Brothers J.O. "Ollie" and Oscar Boyd established a grocery business in Fruitvale in 1906 and expanded their commercial interests in the subsequent years, adding the J.O. Boyd General Merchandise Store in 1918. Oscar Boyd sold his interest to his brother in 1920. During the 1920s Ollie Boyd, who also served as Fruitvale's postmaster, started a barber shop and built a potato barn and a pea/fertilizer shed. In 1930 he converted the barber shop building to house an office for management of his business interests. He made extensive land purchases, eventually accumulating 1200 acre of farmland on which he produced a variety of crops and raised hogs, sheep, and cattle. The Boyd farming operations employed many seasonal migrant workers who were housed in bunkhouses that Boyd built in Fruitvale.

===Later developments===
Some time in the early 20th century, a large wooden fruit shed was built adjacent to the railroad siding. Rail cars could be parked adjacent to the shed for loading of food boxes and crates. A wooden crop scale was installed in 1925. In the late 1930s, electricity became available in Fruitvale, and Ollie Boyd built an electric-powered corn crusher to produce feed for beef cattle and hogs, as well as a tractor shed.

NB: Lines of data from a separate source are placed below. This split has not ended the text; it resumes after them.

definition spanning :: "'u set \<Rightarrow> ('x \<Rightarrow> 'u \<Rightarrow> 'x set) \<Rightarrow> nat \<Rightarrow> 'x set \<Rightarrow> 'x set \<Rightarrow> 'u list set \<Rightarrow> bool" where
  "spanning U F n K Q SS \<longleftrightarrow> SS \<subseteq> words U n \<and>
     K \<subseteq> (\<Union>S\<in>{S. S \<subseteq> SS \<and> S \<in> AF U F Q n}. QS F Q n S)"

definition ecard :: "'a set \<Rightarrow> enat" where
  "ecard A = (if finite A then enat (card A) else \<infinity>)"

text \<open>Inf over the empty set is \<infinity> in enat.\<close>
definition r_inv :: "'u set \<Rightarrow> ('x \<Rightarrow> 'u \<Rightarrow> 'x set) \<Rightarrow> nat \<Rightarrow> 'x set \<Rightarrow> 'x set \<Rightarrow> enat" where
  "r_inv U F n K Q = Inf (ecard ` {SS. spanning U F n K Q SS})"

definition elog2 :: "enat \<Rightarrow> ereal" where
  "elog2 r = (case r of \<infinity> \<Rightarrow> \<infinity> | enat k \<Rightarrow> (if k = 0 then -\<infinity> else ereal (log 2 (real k))))"

definition h_inv :: "'u set \<Rightarrow> ('x \<Rightarrow> 'u \<Rightarrow> 'x set) \<Rightarrow> 'x set \<Rightarrow> 'x set \<Rightarrow> ereal" where
  "h_inv U F K Q = limsup (\<lambda>n. ereal (1 / real n) * elog2 (r_inv U F n K Q))"

end

theory Submission
  imports Defs "HOL-Analysis.Extended_Real_Limits"
begin

text \<open>
  A spanning set for \<open>K\<close> also spans every subset of \<open>K\<close>, so \<open>h_inv (K\<^sub>i, Q) \<le> h_inv (K, Q)\<close>.
  Conversely, the union of spanning sets for the \<open>K\<^sub>i\<close> spans \<open>K\<close>, so
  \<open>r_inv (n, K, Q) \<le> \<Sum>\<^sub>i r_inv (n, K\<^sub>i, Q) \<le> m \<cdot> max\<^sub>i r_inv (n, K\<^sub>i, Q)\<close>.
  After taking \<open>log\<close> and dividing by \<open>n\<close>, the term \<open>log m / n\<close> vanishes in the limit, and
  the limsup of a finite maximum of sequences is the maximum of their limsups.
\<close>

lemma spanning_subset:
  "K' \<subseteq> K \<Longrightarrow> spanning U F n K Q SS \<Longrightarrow> spanning U F n K' Q SS"
  unfolding spanning_def by blast

lemma spanning_Un:
  assumes "spanning U F n A Q SA" and "spanning U F n B Q SB"
  shows "spanning U F n (A \<union> B) Q (SA \<union> SB)"
proof -
  have "(\<Union>S\<in>{S. S \<subseteq> SA \<and> S \<in> AF U F Q n}. QS F Q n S)
      \<union> (\<Union>S\<in>{S. S \<subseteq> SB \<and> S \<in> AF U F Q n}. QS F Q n S)
      \<subseteq> (\<Union>S\<in>{S. S \<subseteq> SA \<union> SB \<and> S \<in> AF U F Q n}. QS F Q n S)"
    by (intro Un_least SUP_subset_mono) auto
  with assms show ?thesis
    unfolding spanning_def by blast
qed

lemma spanning_empty: "spanning U F n {} Q {}"
  unfolding spanning_def by simp

lemma ecard_Un_le: "ecard (A \<union> B) \<le> ecard A + ecard B"
  unfolding ecard_def using card_Un_le[of A B] by auto

lemma r_inv_le_ecard: "spanning U F n K Q SS \<Longrightarrow> r_inv U F n K Q \<le> ecard SS"
  unfolding r_inv_def by (blast intro: Inf_lower)

lemma r_inv_mono: "K' \<subseteq> K \<Longrightarrow> r_inv U F n K' Q \<le> r_inv U F n K Q"
  unfolding r_inv_def by (intro Inf_superset_mono image_mono) (auto intro: spanning_subset)

lemma r_inv_attained:
  assumes "r_inv U F n K Q \<noteq> \<infinity>"
  obtains SS where "spanning U F n K Q SS" and "ecard SS = r_inv U F n K Q"
proof -
  from assms obtain SS where "spanning U F n K Q SS"
    unfolding r_inv_def by (metis Collect_empty_eq Inf_empty image_empty top_enat_def)
  then have "ecard SS \<in> ecard ` {SS. spanning U F n K Q SS}" by blast
  from wellorder_InfI[OF this] show thesis
    using that unfolding r_inv_def by auto
qed

lemma r_inv_Un_le: "r_inv U F n (A \<union> B) Q \<le> r_inv U F n A Q + r_inv U F n B Q"
proof (cases "r_inv U F n A Q = \<infinity> \<or> r_inv U F n B Q = \<infinity>")
  case True
  then show ?thesis by auto
next
  case False
  then obtain SA SB where
    SA: "spanning U F n A Q SA" "ecard SA = r_inv U F n A Q" and
    SB: "spanning U F n B Q SB" "ecard SB = r_inv U F n B Q"
    by (metis r_inv_attained)
  have "r_inv U F n (A \<union> B) Q \<le> ecard (SA \<union> SB)"
    using spanning_Un[OF SA(1) SB(1)] by (rule r_inv_le_ecard)
  also have "\<dots> \<le> r_inv U F n A Q + r_inv U F n B Q"
    using ecard_Un_le SA(2) SB(2) by metis
  finally show ?thesis .
qed

lemma r_inv_empty: "r_inv U F n {} Q = 0"
  using r_inv_le_ecard[OF spanning_empty, of U F n Q] by (simp add: ecard_def flip: zero_enat_def)

lemma r_inv_UN_le_sum:
  "finite I \<Longrightarrow> r_inv U F n (\<Union>i\<in>I. Ks i) Q \<le> (\<Sum>i\<in>I. r_inv U F n (Ks i) Q)"
proof (induction I rule: finite_induct)
  case empty
  then show ?case by (simp add: r_inv_empty)
next
  case (insert a I)
  have "r_inv U F n (\<Union>i\<in>insert a I. Ks i) Q
      \<le> r_inv U F n (Ks a) Q + r_inv U F n (\<Union>i\<in>I. Ks i) Q"
    using r_inv_Un_le by simp
  also have "\<dots> \<le> r_inv U F n (Ks a) Q + (\<Sum>i\<in>I. r_inv U F n (Ks i) Q)"
    using insert.IH by (rule add_left_mono)
  finally show ?case
    using insert.hyps by simp
qed

lemma elog2_mono: "a \<le> b \<Longrightarrow> elog2 a \<le> elog2 b"
  unfolding elog2_def by (cases a; cases b) auto

lemma elog2_mult_enat:
  assumes "1 \<le> c"
  shows "elog2 (enat c * k) = ereal (log 2 (real c)) + elog2 k"
  using assms by (cases k) (auto simp: elog2_def log_mult)

lemma elog2_sum_le:
  assumes "finite I" and "I \<noteq> {}"
  shows "elog2 (\<Sum>i\<in>I. r i) \<le> ereal (log 2 (real (card I))) + (MAX i\<in>I. elog2 (r i))"
proof -
  have "(\<Sum>i\<in>I. r i) \<le> enat (card I) * (MAX i\<in>I. r i)"
    using sum_bounded_above[of I r "MAX i\<in>I. r i"] assms by (simp add: of_nat_eq_enat)
  then have "elog2 (\<Sum>i\<in>I. r i) \<le> elog2 (enat (card I) * (MAX i\<in>I. r i))"
    by (rule elog2_mono)
  also have "\<dots> = ereal (log 2 (real (card I))) + elog2 (MAX i\<in>I. r i)"
    using assms by (simp add: elog2_mult_enat Suc_le_eq card_gt_0_iff)
  also have "elog2 (MAX i\<in>I. r i) = (MAX i\<in>I. elog2 (r i))"
    using assms by (simp add: mono_Max_commute[of elog2] monoI elog2_mono image_image)
  finally show ?thesis .
qed

lemma Limsup_Max:
  fixes f :: "'i \<Rightarrow> 'a \<Rightarrow> 'b::complete_linorder"
  assumes "finite I" and "I \<noteq> {}"
  shows "Limsup F (\<lambda>x. MAX i\<in>I. f i x) = (MAX i\<in>I. Limsup F (f i))"
proof (rule antisym)
  show "Limsup F (\<lambda>x. MAX i\<in>I. f i x) \<le> (MAX i\<in>I. Limsup F (f i))"
  proof (subst Limsup_le_iff, intro allI impI)
    fix y assume "(MAX i\<in>I. Limsup F (f i)) < y"
    then have "\<forall>i\<in>I. eventually (\<lambda>x. f i x < y) F"
      using assms by (auto intro: Limsup_lessD)
    then have "eventually (\<lambda>x. \<forall>i\<in>I. f i x < y) F"
      by (rule eventually_ball_finite[OF assms(1)])
    then show "eventually (\<lambda>x. (MAX i\<in>I. f i x) < y) F"
      by eventually_elim (use assms in auto)
  qed
  show "(MAX i\<in>I. Limsup F (f i)) \<le> Limsup F (\<lambda>x. MAX i\<in>I. f i x)"
    using assms by (auto intro!: Max.boundedI Limsup_mono always_eventually)
qed

lemma ereal_distrib_left_real: "ereal a * (ereal b + x) = ereal (a * b) + ereal a * x"
  by (cases x) (simp_all add: distrib_left)

lemma ereal_mult_Max:
  assumes "0 \<le> c" and "finite I" and "I \<noteq> {}"
  shows "ereal c * (MAX i\<in>I. f i) = (MAX i\<in>I. ereal c * f i)"
proof -
  have "mono (times (ereal c))"
    using assms(1) by (intro monoI ereal_mult_left_mono) simp_all
  from mono_Max_commute[OF this, of "f ` I"] assms(2,3) show ?thesis
    by (simp add: image_image)
qed

definition log_growth :: "(nat \<Rightarrow> enat) \<Rightarrow> ereal" where
  "log_growth r = limsup (\<lambda>n. ereal (1 / real n) * elog2 (r n))"

lemma h_inv_eq_log_growth: "h_inv U F K Q = log_growth (\<lambda>n. r_inv U F n K Q)"
  unfolding h_inv_def log_growth_def ..

lemma log_growth_mono: "(\<And>n. r n \<le> s n) \<Longrightarrow> log_growth r \<le> log_growth s"
  unfolding log_growth_def
  by (intro Limsup_mono always_eventually allI ereal_mult_left_mono elog2_mono) simp_all

lemma log_growth_sum:
  assumes "finite I" and "I \<noteq> {}"
  shows "log_growth (\<lambda>n. \<Sum>i\<in>I. r i n) = (MAX i\<in>I. log_growth (r i))"
proof (rule antisym)
  define c where "c = log 2 (real (card I))"
  have "ereal (1 / real n) * elog2 (\<Sum>i\<in>I. r i n)
      \<le> ereal (c / real n) + (MAX i\<in>I. ereal (1 / real n) * elog2 (r i n))" for n
  proof -
    have "ereal (1 / real n) * elog2 (\<Sum>i\<in>I. r i n)
        \<le> ereal (1 / real n) * (ereal c + (MAX i\<in>I. elog2 (r i n)))"
      unfolding c_def using assms by (intro ereal_mult_left_mono elog2_sum_le) simp_all
    also have "\<dots> = ereal (c / real n) + ereal (1 / real n) * (MAX i\<in>I. elog2 (r i n))"
      by (simp add: ereal_distrib_left_real)
    also have "ereal (1 / real n) * (MAX i\<in>I. elog2 (r i n))
        = (MAX i\<in>I. ereal (1 / real n) * elog2 (r i n))"
      using assms by (intro ereal_mult_Max) simp_all
    finally show ?thesis .
  qed
  then have "log_growth (\<lambda>n. \<Sum>i\<in>I. r i n)
      \<le> limsup (\<lambda>n. ereal (c / real n) + (MAX i\<in>I. ereal (1 / real n) * elog2 (r i n)))"
    unfolding log_growth_def by (intro Limsup_mono always_eventually allI)
  also have "\<dots> = limsup (\<lambda>n. MAX i\<in>I. ereal (1 / real n) * elog2 (r i n))"
    using ereal_limsup_lim_add[of "\<lambda>n. ereal (c / real n)" 0]
    by (simp add: lim_const_over_n zero_ereal_def)
  also have "\<dots> = (MAX i\<in>I. log_growth (r i))"
    unfolding log_growth_def using assms by (rule Limsup_Max)
  finally show "log_growth (\<lambda>n. \<Sum>i\<in>I. r i n) \<le> (MAX i\<in>I. log_growth (r i))" .
  show "(MAX i\<in>I. log_growth (r i)) \<le> log_growth (\<lambda>n. \<Sum>i\<in>I. r i n)"
    using assms by (auto intro!: Max.boundedI log_growth_mono member_le_sum)
qed

theorem proposition2p7:
  fixes X :: "'x set" and U :: "'u set" and F :: "'x \<Rightarrow> 'u \<Rightarrow> 'x set"
    and Q K :: "'x set" and Ks :: "nat \<Rightarrow> 'x set" and m :: nat
  assumes "is_system X U F"
    and "Q \<subseteq> X"
    and "controlled_invariant U F Q"
    and "K \<subseteq> Q"
    and "m \<ge> 1"
    and "K = (\<Union>i\<in>{1..m}. Ks i)"
    and "\<forall>i\<in>{1..m}. Ks i \<noteq> {}"
  shows "h_inv U F K Q = Max ((\<lambda>i. h_inv U F (Ks i) Q) ` {1..m})"
proof (rule antisym)
  have indices: "finite {1..m}" "{1..m} \<noteq> {}"
    using \<open>m \<ge> 1\<close> by auto
  have "h_inv U F K Q \<le> log_growth (\<lambda>n. \<Sum>i\<in>{1..m}. r_inv U F n (Ks i) Q)"
    unfolding h_inv_eq_log_growth \<open>K = (\<Union>i\<in>{1..m}. Ks i)\<close>
    by (rule log_growth_mono, rule r_inv_UN_le_sum[OF indices(1)])
  also have "\<dots> = Max ((\<lambda>i. h_inv U F (Ks i) Q) ` {1..m})"
    unfolding h_inv_eq_log_growth
    by (rule log_growth_sum[OF indices, of "\<lambda>i n. r_inv U F n (Ks i) Q"])
  finally show "h_inv U F K Q \<le> Max ((\<lambda>i. h_inv U F (Ks i) Q) ` {1..m})" .
  have "h_inv U F (Ks i) Q \<le> h_inv U F K Q" if "i \<in> {1..m}" for i
    unfolding h_inv_eq_log_growth
    by (rule log_growth_mono, rule r_inv_mono) (use that \<open>K = (\<Union>i\<in>{1..m}. Ks i)\<close> in blast)
  then show "Max ((\<lambda>i. h_inv U F (Ks i) Q) ` {1..m}) \<le> h_inv U F K Q"
    using indices by (simp add: Max.boundedI)
qed

end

In 1920, Fruitvale had about 200 residents. In the years after World War II, Fruitvale lost population and agricultural shipping activity decreased. In 1965, the fruit shed was torn down and in 1980, the railroad switch was removed.

In 1993, the Fruitvale post office served only about 30 customers and was believed to be the smallest in Tennessee. It closed in 2010, but Fruitvale continues to be used as a postal place name. The ZIP code is 38336.

The Fruitvale Historic District was listed on the National Register of Historic Places in November 2012. It includes about 1.95 acre of land and nine buildings (two stores, the blacksmith shop, a bunkhouse, two sheds, a barn, the barbershop/office, the crusher house and the crop scale). All of the buildings in the district are contributing properties. At the time of listing, all of them belonged to the Boyd family.